The New York Times has an article by John Noble Wilford on Sequoyah, the inventor of the Cherokee script today; in the online version, the Cherokee text that appears in the article – maybe the first Cherokee to have appeared in the Times? – seems to have fallen out. It should look like this:
By some accounts, Sequoyah was a kind of Professor Henry Higgins who enlisted family members who had sharper ears for discriminating distinct sounds. They helped him divide spoken words into their constituent sounds, and to each sound he assigned a symbol drawn mostly, it is said, from an English spelling book. In the script, for example, Sequoyah’s own name reads:
ᏎᏉᏯThe 15 characters on the cave wall —
Ꭱ,Ꭴ,Ꮇ,Ꮨ,Ꮹ
Ꮰ,Ꮋ,Ꮴ,Ꭵ,Ꮊ,Ꮶ,Ꭹ,Ꮗ,Ꮀ,Ꮻ— do not spell any words. “They read almost like ABCs,” Dr. Tankersley said in the magazine article, suggesting that someone taught by Sequoyah may have been “practicing drawing them out just as we would practice our ABCs.”

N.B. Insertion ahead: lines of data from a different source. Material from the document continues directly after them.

lemma Mcal_mult_vec_index:
  assumes x: "x \<in> carrier_vec (\<nu> * r)" and i: "i < q" and a: "a < \<mu>"
  shows "(Mcal q r \<mu> \<nu> z *\<^sub>v x) $ (a * q + i) = poly ((pderiv ^^ a) (leibniz_poly r x i 0)) z"
proof -
  have "Suc a * q \<le> \<mu> * q"
    using a by (intro mult_le_mono1) simp
  with i have row: "a * q + i < \<mu> * q"
    by simp
  have row_div: "(a * q + i) div q = a" "(a * q + i) mod q = i"
    using i by auto
  have "(Mcal q r \<mu> \<nu> z *\<^sub>v x) $ (a * q + i) = (\<Sum>c<\<nu> * r. Mcal q r \<mu> \<nu> z $$ (a * q + i, c) * x $ c)"
    using x row by (simp add: Mcal_def scalar_prod_def lessThan_atLeast0)
  also have "\<dots> = (\<Sum>c<\<nu> * r. x $ c * poly ((pderiv ^^ (a + c div r)) (monom 1 (i + c mod r))) z)"
  proof (intro sum.cong refl)
    fix c assume "c \<in> {..<\<nu> * r}"
    then have "c mod r < r" by (cases "r = 0") auto
    with i row show "Mcal q r \<mu> \<nu> z $$ (a * q + i, c) * x $ c
        = x $ c * poly ((pderiv ^^ (a + c div r)) (monom 1 (i + c mod r))) z"
      using \<open>c \<in> {..<\<nu> * r}\<close> by (simp add: Mcal_def Mder_index row_div)
  qed
  also have "\<dots> = poly ((pderiv ^^ a) (leibniz_poly r x i 0)) z"
    using x unfolding leibniz_poly_def higher_pderiv_sum higher_pderiv_smult poly_sum
    by (simp add: mult.commute funpow_add)
  finally show ?thesis .
qed

lemma common_kernel_eq:
  "common_kernel q r \<nu> = {x \<in> carrier_vec (\<nu> * r). \<forall>i<q. leibniz_poly r x i 0 = 0}"
proof -
  have kernel_iff: "x \<in> mat_kernel (M0mat q r \<nu> z) \<longleftrightarrow>
      x \<in> carrier_vec (\<nu> * r) \<and> (\<forall>i<q. poly (leibniz_poly r x i 0) z = 0)" for x z
    unfolding mat_kernel[OF M0mat_carrier]
    by (auto simp: mult_mat_vec_eq_0_iff[OF M0mat_carrier] M0mat_mult_vec_index)
  have "x \<in> common_kernel q r \<nu> \<longleftrightarrow>
      x \<in> carrier_vec (\<nu> * r) \<and> (\<forall>i<q. \<forall>z. poly (leibniz_poly r x i 0) z = 0)" for x
    unfolding common_kernel_def by (auto simp: kernel_iff)
  then show ?thesis
    by (simp add: poly_all_0_iff_0 set_eq_iff)
qed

(You’ll probably need Plantagenet Cherokee (standard with OS X; or see here) active to see the Cherokee text. The Times also seems to have used a Roman “G” rather than “Ꮹ,” Cherokee letter wa. Sequoyah’s invention of the Cherokee script, the article notes, might be “the only known instance of an individual’s single-handedly creating an entirely new system of writing.”)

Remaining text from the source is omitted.